PROBLEM STATEMENT >>
Which lines of the entries hold the string "pairs"? Copy each one.

DATA >>
(* Let $n>0$, $m\ge 0$, let $a_1,\dots,a_n$ be atoms and $l_1,\dots,l_m$ literals (atoms or negated atoms $\neg a$). Then the formula $l_1\wedge\cdots\wedge l_m\to a_1\vee\cdots\vee a_n$ is strongly equivalent to the set of the $n$ formulas, for $i=1,\dots,n$, $$(l_1\wedge\cdots\wedge l_m\wedge(a_1\to a_i)\wedge\cdots\wedge(a_n\to a_i))\to a_i.$$
   Context: Formulas are built from atoms and $\bot$ using $\wedge,\vee,\to$ ($\top:=\bot\to\bot$, $\neg F:=F\to\bot$); an empty conjunction is $\top$. Reduct: $\bot^X=\bot$; $a^X=a$ if $a\in X$, else $\bot$; $(F\otimes G)^X=F^X\otimes G^X$ if $X\models F\otimes G$, else $\bot$; $\Gamma^X=\{F^X:F\in\Gamma\}$. $X$ is a stable model of $\Gamma$ if $X\models\Gamma^X$ and no proper subset of $X$ satisfies $\Gamma^X$. Theories $\Gamma_1,\Gamma_2$ are strongly equivalent if for every theory $\Gamma$, $\Gamma_1\cup\Gamma$ and $\Gamma_2\cup\Gamma$ have the same stable models. *)

theory Defs
  imports Main
begin

datatype 'a form = Bot | Atom 'a | And "'a form" "'a form" | Or "'a form" "'a form"
  | Imp "'a form" "'a form"

definition Top :: "'a form" where "Top = Imp Bot Bot"
definition Neg :: "'a form \<Rightarrow> 'a form" where "Neg F = Imp F Bot"

fun sat :: "'a set \<Rightarrow> 'a form \<Rightarrow> bool" where
  "sat X Bot = False"
| "sat X (Atom a) = (a \<in> X)"
| "sat X (And F G) = (sat X F \<and> sat X G)"
| "sat X (Or F G) = (sat X F \<or> sat X G)"
| "sat X (Imp F G) = (sat X F \<longrightarrow> sat X G)"

definition sat_th :: "'a set \<Rightarrow> 'a form set \<Rightarrow> bool" where
  "sat_th X \<Gamma> = (\<forall>F\<in>\<Gamma>. sat X F)"

fun reduct :: "'a form \<Rightarrow> 'a set \<Rightarrow> 'a form" where
  "reduct Bot X = Bot"
| "reduct (Atom a) X = (if a \<in> X then Atom a else Bot)"
| "reduct (And F G) X = (if sat X (And F G) then And (reduct F X) (reduct G X) else Bot)"
| "reduct (Or F G) X = (if sat X (Or F G) then Or (reduct F X) (reduct G X) else Bot)"
| "reduct (Imp F G) X = (if sat X (Imp F G) then Imp (reduct F X) (reduct G X) else Bot)"

definition reduct_th :: "'a form set \<Rightarrow> 'a set \<Rightarrow> 'a form set" where
  "reduct_th \<Gamma> X = (\<lambda>F. reduct F X) ` \<Gamma>"

definition stable_model :: "'a set \<Rightarrow> 'a form set \<Rightarrow> bool" where
  "stable_model X \<Gamma> = (sat_th X (reduct_th \<Gamma> X) \<and>
     (\<forall>Y. Y \<subset> X \<longrightarrow> \<not> sat_th Y (reduct_th \<Gamma> X)))"

definition strongly_equiv :: "'a form set \<Rightarrow> 'a form set \<Rightarrow> bool" where
  "strongly_equiv \<Gamma>1 \<Gamma>2 = (\<forall>\<Gamma> X. stable_model X (\<Gamma>1 \<union> \<Gamma>) \<longleftrightarrow> stable_model X (\<Gamma>2 \<union> \<Gamma>))"

definition literal :: "'a form \<Rightarrow> bool" where
  "literal F = (\<exists>a. F = Atom a \<or> F = Neg (Atom a))"

fun big_and :: "'a form list \<Rightarrow> 'a form" where
  "big_and [] = Top"
| "big_and [F] = F"
| "big_and (F # Fs) = And F (big_and Fs)"

fun big_or :: "'a form list \<Rightarrow> 'a form" where
  "big_or [] = Bot"
| "big_or [F] = F"
| "big_or (F # Fs) = Or F (big_or Fs)"

end

theory Submission
  imports Defs
begin

(*
  For Y \<subseteq> X, read "sat Y (reduct F X)" as satisfaction of F in the
  here-and-there interpretation (Y, X).  The stable models of a theory are
  determined by these pairs, and since the reduct of a union is the union of
  the reducts, two theories that are satisfied by exactly the same pairs
  (Y, X) with Y \<subseteq> X are strongly equivalent (lemma ht_equiv_strongly_equiv).

  We therefore compute, in closed form, the here-and-there semantics of the
  disjunctive rule  L \<rightarrow> a_1 \<or> ... \<or> a_n  and of each shifted rule
  L \<and> (a_1 \<rightarrow> a_i) \<and> ... \<and> (a_n \<rightarrow> a_i) \<rightarrow> a_i, where L is an arbitrary
  conjunction (the result does not need the conjuncts to be literals).
  Both sides then reduce to one propositional equivalence about the set of
  head atoms (shifted_rules_equiv), which uses that the head is nonempty.
*)

lemma sat_reduct_imp_sat: "sat Y (reduct F X) \<Longrightarrow> sat X F"
  by (induction F) (auto split: if_splits)

text \<open>The here-and-there semantics of the connectives.  Because of the
  previous lemma, the side conditions "X satisfies the compound" of the reduct
  are redundant for conjunction and disjunction.\<close>
lemma sat_reduct_And:
  "sat Y (reduct (And F G) X) = (sat Y (reduct F X) \<and> sat Y (reduct G X))"
  using sat_reduct_imp_sat[of Y F X] sat_reduct_imp_sat[of Y G X] by auto

lemma sat_reduct_Or:
  "sat Y (reduct (Or F G) X) = (sat Y (reduct F X) \<or> sat Y (reduct G X))"
  using sat_reduct_imp_sat[of Y F X] sat_reduct_imp_sat[of Y G X] by auto

lemma sat_reduct_Imp:
  "sat Y (reduct (Imp F G) X) = (sat X (Imp F G) \<and> (sat Y (reduct F X) \<longrightarrow> sat Y (reduct G X)))"
  by simp

lemma sat_reduct_Atom: "Y \<subseteq> X \<Longrightarrow> sat Y (reduct (Atom a) X) = (a \<in> Y)"
  by auto

lemma sat_big_and: "sat X (big_and Fs) = (\<forall>F\<in>set Fs. sat X F)"
  by (induction Fs rule: big_and.induct) (auto simp: Top_def)

lemma sat_big_or: "sat X (big_or Fs) = (\<exists>F\<in>set Fs. sat X F)"
  by (induction Fs rule: big_or.induct) auto

lemma sat_reduct_big_and:
  "sat Y (reduct (big_and Fs) X) = (\<forall>F\<in>set Fs. sat Y (reduct F X))"
  by (induction Fs rule: big_and.induct)
     (auto simp: Top_def sat_reduct_And simp del: reduct.simps(3) sat.simps(3))

lemma sat_reduct_big_or:
  "sat Y (reduct (big_or Fs) X) = (\<exists>F\<in>set Fs. sat Y (reduct F X))"
  by (induction Fs rule: big_or.induct)
     (auto simp: sat_reduct_Or simp del: reduct.simps(4) sat.simps(4))

definition ht_equiv :: "'a form set \<Rightarrow> 'a form set \<Rightarrow> bool" where
  "ht_equiv \<Gamma>1 \<Gamma>2 =
     (\<forall>Y X. Y \<subseteq> X \<longrightarrow> sat_th Y (reduct_th \<Gamma>1 X) = sat_th Y (reduct_th \<Gamma>2 X))"

lemma sat_th_reduct_Un:
  "sat_th Y (reduct_th (\<Gamma>1 \<union> \<Gamma>2) X) = (sat_th Y (reduct_th \<Gamma>1 X) \<and> sat_th Y (reduct_th \<Gamma>2 X))"
  by (auto simp: sat_th_def reduct_th_def)

lemma sat_th_reduct_singleton: "sat_th Y (reduct_th {F} X) = sat Y (reduct F X)"
  by (simp add: sat_th_def reduct_th_def)

lemma sat_th_reduct_image:
  "sat_th Y (reduct_th (f ` A) X) = (\<forall>a\<in>A. sat Y (reduct (f a) X))"
  by (auto simp: sat_th_def reduct_th_def)

text \<open>Stability of X only inspects pairs Y \<subseteq> X, and adding a theory to
  both sides preserves here-and-there equivalence.\<close>
lemma ht_equiv_strongly_equiv:
  assumes "ht_equiv \<Gamma>1 \<Gamma>2"
  shows "strongly_equiv \<Gamma>1 \<Gamma>2"
  using assms unfolding strongly_equiv_def stable_model_def ht_equiv_def sat_th_reduct_Un
  by (metis order_refl psubset_imp_subset)

lemma sat_reduct_disjunctive_rule:
  assumes "Y \<subseteq> X"
  shows "sat Y (reduct (Imp (big_and ls) (big_or (map Atom as))) X) =
    (((\<forall>F\<in>set ls. sat X F) \<longrightarrow> set as \<inter> X \<noteq> {}) \<and>
     ((\<forall>F\<in>set ls. sat Y (reduct F X)) \<longrightarrow> set as \<inter> Y \<noteq> {}))"
  using assms
  by (simp add: sat_reduct_Imp sat_reduct_big_and sat_reduct_big_or del: reduct.simps)
     (auto simp: sat_big_and sat_big_or)

definition shifted_rule :: "'a form list \<Rightarrow> 'a list \<Rightarrow> 'a \<Rightarrow> 'a form" where
  "shifted_rule ls as a = Imp (big_and (ls @ map (\<lambda>aj. Imp (Atom aj) (Atom a)) as)) (Atom a)"

lemma sat_reduct_shifted_rule:
  assumes "Y \<subseteq> X"
  shows "sat Y (reduct (shifted_rule ls as a) X) =
    (((\<forall>F\<in>set ls. sat X F) \<and> (set as \<inter> X \<noteq> {} \<longrightarrow> a \<in> X) \<longrightarrow> a \<in> X) \<and>
     ((\<forall>F\<in>set ls. sat Y (reduct F X)) \<and> (set as \<inter> X \<noteq> {} \<longrightarrow> a \<in> X) \<and>
        (set as \<inter> Y \<noteq> {} \<longrightarrow> a \<in> Y) \<longrightarrow> a \<in> Y))"
proof -
  let ?body = "big_and (ls @ map (\<lambda>aj. Imp (Atom aj) (Atom a)) as)"
  have body_there: "sat X ?body =
      ((\<forall>F\<in>set ls. sat X F) \<and> (set as \<inter> X \<noteq> {} \<longrightarrow> a \<in> X))"
    by (force simp: sat_big_and)
  have body_here: "sat Y (reduct ?body X) =
      ((\<forall>F\<in>set ls. sat Y (reduct F X)) \<and> (set as \<inter> X \<noteq> {} \<longrightarrow> a \<in> X) \<and>
       (set as \<inter> Y \<noteq> {} \<longrightarrow> a \<in> Y))"
  proof -
    have arrow: "sat Y (reduct (Imp (Atom b) (Atom a)) X) = ((b \<in> X \<longrightarrow> a \<in> X) \<and> (b \<in> Y \<longrightarrow> a \<in> Y))"
      for b using assms by auto
    show ?thesis
      by (auto simp: sat_reduct_big_and ball_Un arrow simp del: reduct.simps)
  qed
  show ?thesis
    using assms unfolding shifted_rule_def sat_reduct_Imp body_here
    by (auto simp: body_there sat_reduct_Atom dest: sat_reduct_imp_sat simp del: reduct.simps)
qed

lemma shifted_rules_equiv:
  assumes "A \<noteq> {}" and "P \<longrightarrow> Q"
  shows "((Q \<longrightarrow> A \<inter> X \<noteq> {}) \<and> (P \<longrightarrow> A \<inter> Y \<noteq> {})) \<longleftrightarrow>
    (\<forall>a\<in>A. ((Q \<and> (A \<inter> X \<noteq> {} \<longrightarrow> a \<in> X) \<longrightarrow> a \<in> X) \<and>
             (P \<and> (A \<inter> X \<noteq> {} \<longrightarrow> a \<in> X) \<and> (A \<inter> Y \<noteq> {} \<longrightarrow> a \<in> Y) \<longrightarrow> a \<in> Y)))"
  using assms by blast

theorem lemma1:
  fixes as :: "'a list" and ls :: "'a form list"
  assumes "length as > 0"
    and "\<forall>l\<in>set ls. literal l"
  shows "strongly_equiv
     {Imp (big_and ls) (big_or (map Atom as))}
     {Imp (big_and (ls @ map (\<lambda>aj. Imp (Atom aj) (Atom (as ! i))) as)) (Atom (as ! i)) | i. i < length as}"
proof -
  have shifted: "{Imp (big_and (ls @ map (\<lambda>aj. Imp (Atom aj) (Atom (as ! i))) as)) (Atom (as ! i))
      | i. i < length as} = shifted_rule ls as ` set as"
    by (auto simp: shifted_rule_def in_set_conv_nth image_iff)
  have nonempty: "set as \<noteq> {}" using assms(1) by auto
  have body: "(\<forall>F\<in>set ls. sat Y (reduct F X)) \<longrightarrow> (\<forall>F\<in>set ls. sat X F)" for Y X
    using sat_reduct_imp_sat by blast
  have "ht_equiv {Imp (big_and ls) (big_or (map Atom as))} (shifted_rule ls as ` set as)"
    unfolding ht_equiv_def sat_th_reduct_singleton sat_th_reduct_image
    by (simp add: sat_reduct_disjunctive_rule sat_reduct_shifted_rule
        shifted_rules_equiv[OF nonempty body] del: reduct.simps sat.simps)
  then show ?thesis
    unfolding shifted by (rule ht_equiv_strongly_equiv)
qed

end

WORKED SOLUTION >>
  determined by these pairs, and since the reduct of a union is the union of
  the reducts, two theories that are satisfied by exactly the same pairs
text \<open>Stability of X only inspects pairs Y \<subseteq> X, and adding a theory to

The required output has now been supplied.